The Thomas Point Shoal Light, also known as Thomas Point Shoal Light Station, is a historic lighthouse in the Chesapeake Bay on the east coast of the United States, and the most recognized lighthouse in Maryland. It is the only screw-pile lighthouse in the bay which stands at its original site. The current structure is a 1½ story hexagonal wooden cottage, equipped with a foghorn as well as the light.

History
A stone lighthouse was constructed in 1825 on shore at Thomas Point by John Donahoo, Thomas Point Light. It was replaced in 1838 by another stone tower. The point was subject to continuing erosion (which would eventually bring down the lighthouse on the point in 1894), and in 1873 Congress appropriated $20,000 for the construction of a screw-pile structure out in the bay, Thomas Point Shoal Light . With an additional $15,000 appropriation in 1875, the light was built and activated in November of that year. It took 30 workers to set each cast iron beam  into the Chesapeake Bay's bottom.

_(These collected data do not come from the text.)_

lemma rotation_cell:
  assumes "(a, b) \<in> cells k"
  shows "(k - 1 - a - b, a) \<in> cells k" "rotation ` Fmap k (a, b) ` V0 = Fmap k (k - 1 - a - b, a) ` V0"
proof -
  from assms have "a + b < k"
    by (simp add: cells_def)
  then show "(k - 1 - a - b, a) \<in> cells k"
    by (simp add: cells_def)
  from \<open>a + b < k\<close> have "rotation ` Fmap k (a, b) ` V0 = Fmap k (k - 1 - a - b, a) ` rotation ` V0"
    by (simp add: image_image rotation_Fmap)
  then show "rotation ` Fmap k (a, b) ` V0 = Fmap k (k - 1 - a - b, a) ` V0"
    by (simp add: rotation_V0)
qed

lemma rotation_edge:
  assumes "(x, y) \<in> edges1 k"
  shows "(rotation x, rotation y) \<in> edges1 k"
proof -
  obtain a b where cell: "(a, b) \<in> cells k" "x \<in> Fmap k (a, b) ` V0" "y \<in> Fmap k (a, b) ` V0"
    and "x \<noteq> y"
    using assms by (auto simp: edges1_def)
  then have "rotation x \<noteq> rotation y"
    using bij_is_inj[OF bij_rotation] by (auto dest: injD)
  with rotation_cell[OF cell(1)] cell(2,3) show ?thesis
    unfolding edges1_def V1_def by blast
qed

lemma rotation_edges1: "map_prod rotation rotation ` edges1 k = edges1 k"
proof (intro equalityI subsetI)
  fix e assume "e \<in> edges1 k"
  then have "map_prod rotation rotation (map_prod rotation rotation e) \<in> edges1 k"
    by (cases e) (simp add: rotation_edge)
  moreover have "e = map_prod rotation rotation (map_prod rotation rotation (map_prod rotation rotation e))"
    by (cases e) (simp add: rotation_rotation_rotation)
  ultimately show "e \<in> map_prod rotation rotation ` edges1 k"
    by blast
qed (auto simp: rotation_edge)

lemma trace_energy_indicator_rotate:
  assumes "map_prod rotation rotation ` E = E"
  shows "trace_energy E V0 (indicator {q1}) = trace_energy E V0 (indicator {q0})"
    and "trace_energy E V0 (indicator {q2}) = trace_energy E V0 (indicator {q0})"
proof -
  have rotate: "trace_energy E V0 (u \<circ> rotation) = trace_energy E V0 u" for u
    using bij_rotation rotation_V0 assms by (rule trace_energy_compose)
  have "trace_energy E V0 (indicator {q1}) = trace_energy E V0 (indicator {q1} \<circ> rotation)"
    by (simp only: rotate)
  also have "\<dots> = trace_energy E V0 (indicator {q0})"
    by (rule trace_energy_cong) (auto simp: V0_def rotation_vertices q_distinct)
  finally show "trace_energy E V0 (indicator {q1}) = trace_energy E V0 (indicator {q0})" .
  have "trace_energy E V0 (indicator {q2}) = trace_energy E V0 (indicator {q0} \<circ> rotation)"
    by (rule trace_energy_cong) (auto simp: V0_def rotation_vertices q_distinct)
  also have "\<dots> = trace_energy E V0 (indicator {q0})"
    by (rule rotate)
  finally show "trace_energy E V0 (indicator {q2}) = trace_energy E V0 (indicator {q0})" .
qed

lemma trace_energy_proportional_energy0:
  assumes "map_prod rotation rotation ` E = E"
  shows "trace_energy E V0 u = trace_energy E V0 (indicator {q0}) / 4 * energy0 u"
proof -
  let ?T = "trace_energy E V0"
  let ?a = "?T (indicator {q0})"
  define x where "x = u q0 - u q2"
  define y where "y = u q1 - u q2"
  have "?T u = ?T (\<lambda>z. (x * indicator {q0} z + y * indicator {q1} z) + u q2)"
    by (rule trace_energy_cong) (auto simp: V0_def x_def y_def q_distinct)
  also have "\<dots> = ?T (\<lambda>z. x * indicator {q0} z + y * indicator {q1} z)"
    by (rule trace_energy_add_const)
  also have "\<dots> = x\<^sup>2 * ?a + y\<^sup>2 * ?T (indicator {q1})
      + x * y * (?T (\<lambda>z. indicator {q0} z + indicator {q1} z) - ?a - ?T (indicator {q1}))"
    by (rule trace_energy.expand_combination)
  also have "?T (\<lambda>z. indicator {q0} z + indicator {q1} z) = ?T (\<lambda>z. (- 1) * indicator {q2} z + 1)"
    by (rule trace_energy_cong) (auto simp: V0_def q_distinct)
  also have "\<dots> = ?a"
    using trace_energy_indicator_rotate[OF assms]
    by (simp only: trace_energy_add_const trace_energy_scale) simp
  finally have "?T u = ?a * (x\<^sup>2 + y\<^sup>2 - x * y)"
    using trace_energy_indicator_rotate[OF assms] by (simp add: algebra_simps)
  moreover have "energy0 u = 4 * (x\<^sup>2 + y\<^sup>2 - x * y)"
    by (simp add: energy0_eq x_def y_def power2_eq_square algebra_simps)
  ultimately show ?thesis
    by simp
qed

section \<open>Energy along the two sides through \<open>q0\<close>\<close>

definition path_edges :: "nat \<Rightarrow> (nat \<Rightarrow> 'a) \<Rightarrow> ('a \<times> 'a) set" where
  "path_edges n p = (\<lambda>j. (p j, p (Suc j))) ` {..<n} \<union> (\<lambda>j. (p (Suc j), p j)) ` {..<n}"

Ice was a perpetual threat to screw-pile lights on the Chesapeake, and in 1877 the original lens was destroyed when it toppled by shaking from ice floes. This lens was replaced, and the additional piles and riprap were placed around the foundation in order to protect it. By 1964 it was the last manned light in the Chesapeake Bay, and it was not automated until 1986. It is currently the last unaltered screwpile cottage-type lighthouse on its original foundation in the Chesapeake Bay.

Preservation
Concerns for its preservation brought it a National Register of Historic Places listing in 1975 and National Historic Landmark status in 1999.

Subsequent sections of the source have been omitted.